Last week, we covered hippos and water hyacinths. This week, our internet tubes have much to tell us about hippos and the illegal international drug trade. Who knew hippos were so notoriously hip? 

Infamous Columbian drug lord Pablo Escobar owned a spectacular ranch northwest of Bogota, Columbia. With 7.7 square miles of land, the Naples Estate included fabulous buildings, an extensive sculpture collection, and a zoo on its way to being one of the largest in the world — until Escobar was killed in 1993. Most of the exotic animals were shipped to various zoos, but authorities considered Escobar’s three female and one male hippos to be too large and aggressive to capture and transport. Just leave them. This isn’t their native habitat so they probably won’t make it without anyone caring for them. 

Wrong. Hoo, boy, was that wrong. Those four original hippos have bred to nearly 100 that have populated waterways as far as 100 miles from Escobar’s ranch, using the Magdelena River as a hippo highway. South America has no natural predators for the hippos, and the people there don’t want the hippos killed even though people give the hippos a wide berth because of their aggressive nature. In their native Africa, hippos kill more people than any other wild animal. 

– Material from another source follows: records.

(* Let $y_0:A\to\Delta(B)$ satisfy $U^1(\mu_0,y_0)>U^1(\mu,y_0)$ for every $\mu\in\mathcal{M}\setminus\{\mu_0\}$ and $U^2(\mu_0,y_0)>v^2$; let $\bar y:A\to\Delta(B)$ satisfy $U^1(\mu_0,\bar y)\ge U^1(\mu,\bar y)$ for all $\mu\in\mathcal{M}$ and $U^2(\mu_0,\bar y)\ge v^2$; let $\varepsilon\in(0,1]$ and $y=\varepsilon y_0+(1-\varepsilon)\bar y$. For an integer $N\ge1$, let $\tau_0$ be the $N$-stage receiver strategy described in the context (built from $y$), and for $\delta\in(0,1)$ let $\sigma_0$ be any pure best reply of the sender to $\tau_0$ in the $N$-stage $\delta$-discounted game. Then for every $\eta>0$ there is $N_0$ such that for every $N\ge N_0$ there is $\delta_0<1$ such that for every $\delta\in[\delta_0,1)$ one has $\|\mu_{\sigma_0,\tau_0}-\mu_0\|_1<\eta$.
   Context: Setting: finite state set $S$, message set $A=S$, finite receiver action set $B$, payoff $u=(u^1,u^2):S\times B\to\mathbb{R}^2$ (player 1 = sender, player 2 = receiver) extended linearly to mixed actions; an irreducible aperiodic Markov chain on $S$ with transition $p$ and invariant measure $m$; states $s_1,s_2,\dots$ follow the chain with $s_1\sim m$. At each stage $n$ the sender observes $s_n$ (and all past states, messages and actions) and announces $a_n\in A$; the receiver observes $a_n$ and picks $b_n\in B$, which is publicly observed. $\mathcal{M}$ is the set of distributions on $S\times A$ with both marginals equal to $m$; $\mu_0(s,s)=m(s)$, $\mu_0(s,a)=0$ for $s\neq a$; $U(\mu,y)=\sum_{s,a}\mu(s,a)u(s,y(\cdot\mid a))$; $v^2=\max_{b}\sum_s m(s)u^2(s,b)$. Construction of $\tau_0$: fix $N$ and let $m_N\in\Delta(S)$ be a distribution closest to $m$ among those with $Nm_N(s)\in\mathbb{Z}$ for all $s$. For $n\le N$ let $\mathbf{N}_n(s)=|\{k\le n:a_k=s\}|$ and $q=\min\{1\le n\le N:\mathbf{N}_n(a_n)>Nm_N(a_n)\}$ ($\min\emptyset=+\infty$). Let $(\theta_n)_{n=1}^N$ be $S$-valued with: $\theta_n=a_n$ for $n<q$; $|\{n\le N:\theta_n=s\}|=Nm_N(s)$ for each $s$; and $(\theta_q,\dots,\theta_N)$ is a fixed deterministic function of $(a_1,\dots,a_q)$. Under $\tau_0$, at each stage $n\le N$ the receiver plays $y(\cdot\mid\theta_n)$. The $N$-stage $\delta$-discounted game has sender payoff $\mathbf{E}[\sum_{n=1}^N(1-\delta)\delta^{n-1}u^1(s_n,b_n)]$. Finally $\mu_{\sigma_0,\tau_0}(s,a)=\mathbf{E}_{\sigma_0,\tau_0}\big[\frac1N\sum_{n=1}^N\mathbf{1}_{\{s_n=s,\theta_n=a\}}\big]$ for $(s,a)\in S\times A$. *)

theory Defs
  imports Complex_Main
begin
lemma no_quad_with_twin_complement: False
proof -
  have "w - 2 + length [i, j, k, l] \<le> card X"
    using w_ge card_X_ge by simp
  then obtain C where C: "C \<subseteq> X - set [i, j, k, l]" "card C = w - 2" "finite C"
    by (rule obtain_subset_avoiding_list)
  have "card (X - {i, j, k, l}) > card C"
    using C(2) card_outside_quad w_ge card_X_ge by simp
  then have "\<not> X - {i, j, k, l} \<subseteq> C"
    using card_mono[OF C(3)] by (meson not_le)
  then obtain t where t: "t \<in> X - {i, j, k, l}" "t \<notin> C"
    by blast
  have "C \<in> ksubsets (X - {i, j, k, l}) (w - 2)"
    using C by simp
  then have "f (insert i (insert k C)) = 1" "f (insert j (insert k C)) = 0"
    using quadD(1,3)[OF Q] by blast+
  moreover have "k \<notin> C" "t \<noteq> k" "k \<in> X"
    using C t quad_distinct[OF Q] by auto
  then have "insert k C \<in> ksubsets (X - {i, t}) (w - 1)" "insert k C \<in> ksubsets (X - {j, t}) (w - 1)"
    using C t quad_distinct[OF Q] w_ge by auto
  then have "f (insert i (insert k C)) = f (insert t (insert k C))"
    "f (insert j (insert k C)) = f (insert t (insert k C))"
    using twins_across_quad[of i t] twins_across_quad[of j t] t unfolding twins_def by auto
  ultimately show False
    by simp
qed

end

lemma twins_all:
  assumes ab: "a \<in> X" "b \<in> X" "a \<noteq> b"
  shows "twins a b"
proof (rule ccontr)
  assume "\<not> twins a b"
  then obtain p q where "p \<in> X - {a, b}" "q \<in> X - {a, b}" and Q: "quad a b p q"
    and "\<forall>B\<in>ksubsets (X - {a, b}) (w - 1).
      f (insert a B) - f (insert b B) = of_bool (p \<in> B) - of_bool (q \<in> B)"
    by (rule quad_if_not_twins[OF ab])
  show False
  proof (cases "\<exists>t\<in>X - {a, b, p, q}. \<exists>u\<in>X - {a, b, p, q}. t \<noteq> u \<and> \<not> twins t u")
    case True
    then obtain t u where tu: "t \<in> X - {a, b, p, q}" "u \<in> X - {a, b, p, q}" "t \<noteq> u" "\<not> twins t u"
      by blast
    have "t \<in> X" "u \<in> X"
      using tu(1,2) by auto
    then obtain p' q' where "p' \<in> X - {t, u}" "q' \<in> X - {t, u}" and Q': "quad t u p' q'"
      and "\<forall>B\<in>ksubsets (X - {t, u}) (w - 1).
        f (insert t B) - f (insert u B) = of_bool (p' \<in> B) - of_bool (q' \<in> B)"
      using tu(3,4) by (rule quad_if_not_twins)
    then show False
      using no_quad_on_outside_pair[OF Q Q'] tu by blast
  next
    case False
    then show False
      using no_quad_with_twin_complement[OF Q] by blast
  qed
qed

lemma constant_on_ksubsets:
  assumes "A \<in> ksubsets X w" "B \<in> ksubsets X w"
  shows "f A = f B"
proof (rule ksubsets_exchange_induct[OF finite_X assms])
  fix C c d
  assume C: "C \<in> ksubsets X w" and cd: "c \<in> C" "d \<in> X - C" and "f A = f C"
  have "C - {c} \<in> ksubsets (X - {d, c}) (w - 1)"
    using C cd finite_X finite_subset by auto
  moreover have "d \<in> X" "c \<in> X" "d \<noteq> c"
    using C cd by auto
  ultimately have "f (insert d (C - {c})) = f (insert c (C - {c}))"
    using twins_all unfolding twins_def by blast
  then show "f A = f (insert d (C - {c}))"
    using \<open>f A = f C\<close> cd(1) by (simp add: insert_absorb)
qed simp

end

section \<open>Indicators satisfying the second eigenvalue equation\<close>

locale johnson_eigen_indicator =
  fixes X :: "'a set" and w :: nat and f :: "'a set \<Rightarrow> int" and \<theta> \<kappa> :: int
  assumes finite_X: "finite X" and w_ge: "4 \<le> w" and card_X_ge: "2 * w + 1 \<le> card X"
    and indicator: "\<And>A. f A = 0 \<or> f A = 1"
    and theta: "\<theta> = int (w * (card X - w)) - 2 * int (card X) + 2"
    and eigen: "\<And>A. A \<in> ksubsets X w \<Longrightarrow> (\<Sum>Y\<in>johnson_nbhd X w A. f Y) = \<theta> * f A + \<kappa>"
begin

lemma card_Diff_pair: "a \<in> X \<Longrightarrow> b \<in> X \<Longrightarrow> a \<noteq> b \<Longrightarrow> card (X - {a, b}) = card X - 2"
  using finite_X by (subst card_Diff_subset) auto

lemma swap_diff_eigen:
  assumes "a \<in> X" "b \<in> X" "a \<noteq> b" "B \<in> ksubsets (X - {a, b}) (w - 1)"
  shows "(\<Sum>Y\<in>johnson_nbhd (X - {a, b}) (w - 1) B. f (insert a Y) - f (insert b Y))
    = (\<theta> + 1) * (f (insert a B) - f (insert b B))"
  using johnson_swap_diff_eigen[OF finite_X assms(1-3) _ eigen assms(4)] w_ge by simp

lemma swap_diff_sum_zero:
  assumes "a \<in> X" "b \<in> X" "a \<noteq> b"
  shows "(\<Sum>B\<in>ksubsets (X - {a, b}) (w - 1). f (insert a B) - f (insert b B)) = 0"
proof (rule johnson_eigen_sum_zero)
  show "finite (X - {a, b})" "1 \<le> w - 1"
    using finite_X w_ge by auto
  show "\<And>B. B \<in> ksubsets (X - {a, b}) (w - 1) \<Longrightarrow>
      (\<Sum>Y\<in>johnson_nbhd (X - {a, b}) (w - 1) B. f (insert a Y) - f (insert b Y))
      = (\<theta> + 1) * (f (insert a B) - f (insert b B))"
    by (rule swap_diff_eigen[OF assms])
  obtain u v where "w = u + 4" "card X = 2 * w + 1 + v"
    using w_ge card_X_ge by (metis add.commute le_add_diff_inverse)
  then show "\<theta> + 1 \<noteq> int ((w - 1) * (card (X - {a, b}) - (w - 1)))"
    unfolding theta card_Diff_pair[OF assms] by (simp add: algebra_simps)
qed

lemma second_swap_diff_const:
  assumes ab: "a \<in> X" "b \<in> X" "a \<noteq> b" and cd: "c \<in> X - {a, b}" "d \<in> X - {a, b}" "c \<noteq> d"
    and C: "C \<in> ksubsets (X - {a, b} - {c, d}) (w - 2)"
    and C': "C' \<in> ksubsets (X - {a, b} - {c, d}) (w - 2)"
  shows "(f (insert a (insert c C)) - f (insert b (insert c C)))
      - (f (insert a (insert d C)) - f (insert b (insert d C)))
    = (f (insert a (insert c C')) - f (insert b (insert c C')))
      - (f (insert a (insert d C')) - f (insert b (insert d C')))"
proof -
  define g where "g B = f (insert a B) - f (insert b B)" for B
  define Y where "Y = X - {a, b} - {c, d}"
  have card_Y: "card Y = card X - 4"
    unfolding Y_def using card_Diff_pair[OF ab] cd finite_X by (simp add: card_Diff_subset)
  have "(\<Sum>Z\<in>johnson_nbhd Y (w - 2) D. g (insert c Z) - g (insert d Z))
      = int ((w - 2) * (card Y - (w - 2))) * (g (insert c D) - g (insert d D))"
    if "D \<in> ksubsets Y (w - 2)" for D
  proof -
    have w2: "w - 1 - 1 = w - 2"
      by simp
    have "(\<Sum>Z\<in>johnson_nbhd (X - {a, b} - {c, d}) (w - 1 - 1) D. g (insert c Z) - g (insert d Z))
        = (\<theta> + 1 + 1) * (g (insert c D) - g (insert d D))"
    proof (rule johnson_swap_diff_eigen)
      show "finite (X - {a, b})" "2 \<le> w - 1"
        using finite_X w_ge by auto
      show "\<And>A. A \<in> ksubsets (X - {a, b}) (w - 1) \<Longrightarrow>
          (\<Sum>Y\<in>johnson_nbhd (X - {a, b}) (w - 1) A. g Y) = (\<theta> + 1) * g A + 0"
        using swap_diff_eigen[OF ab] unfolding g_def by (simp add: sum_subtractf)
      show "D \<in> ksubsets (X - {a, b} - {c, d}) (w - 1 - 1)"
        using that unfolding Y_def w2 .
    qed (use cd in auto)
    then have "(\<Sum>Z\<in>johnson_nbhd Y (w - 2) D. g (insert c Z) - g (insert d Z))
        = (\<theta> + 1 + 1) * (g (insert c D) - g (insert d D))"
      unfolding Y_def w2 .
    moreover obtain u v where "w = u + 4" "card X = 2 * w + 1 + v"
      using w_ge card_X_ge by (metis add.commute le_add_diff_inverse)
    then have "\<theta> + 1 + 1 = int ((w - 2) * (card Y - (w - 2)))"
      unfolding theta card_Y by (simp add: algebra_simps)
    ultimately show ?thesis
      by simp
  qed
  moreover have "finite Y" "1 \<le> w - 2"
    unfolding Y_def using finite_X w_ge by auto
  ultimately have "g (insert c C) - g (insert d C) = g (insert c C') - g (insert d C')"
    using johnson_eigen_degree_const C[folded Y_def] C'[folded Y_def] by blast
  then show ?thesis
    unfolding g_def .
qed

A naturalist quoted in a National Geographic article said that within two decades there could be thousands of hippos in South America. Authorities have decided so far not to kill the animals, but capturing and shipping the ton-plus animals is dangerous, difficult, and expensive. Castration and other birth control efforts have been made, but the hippos keep doing what hippos do and numbers keep increasing for these animals that can live 70 years. 

As with any other invasive species, the effect on the native environment is mixed, leaning toward the negative. Hippos stir up mud in the lakes, ponds, and rivers where they live, making the water murkier than it would otherwise be. Hippos feed on land, usually at night, but they poop in the water, and their waste products add massive amounts of nutrients to the water, encouraging algae blooms and decreasing the water’s oxygen content. 

In addition to the hippos’ natural propensity to spread far and wide, poachers are exacerbating the problem by capturing hippo calves and selling them to wealthy ranchers who like the idea of having a hippo or two in their ponds and lakes. The Mongabay nature magazine published an article about one hippo trafficker who routinely kidnapped a baby hippo, let his teenage daughter care for the calf, even keeping it in her room and walking it to a lake for water recreation. Meanwhile, her father let it be known he had a hippopotamus calf for sale. He did this repeatedly as have other traffickers. 

Some 20,000 years ago, South America was home to dozens of species of large herbivores, some of which were, like the hippopotamus, semi-aquatic. In the department of silver linings, maybe these Escobar hippos will reestablish a long-lost large herbivore environment. Whether the people of South America will still have affection for these ill-tempered animals once their numbers grow from 100 to thousands remains to be seen.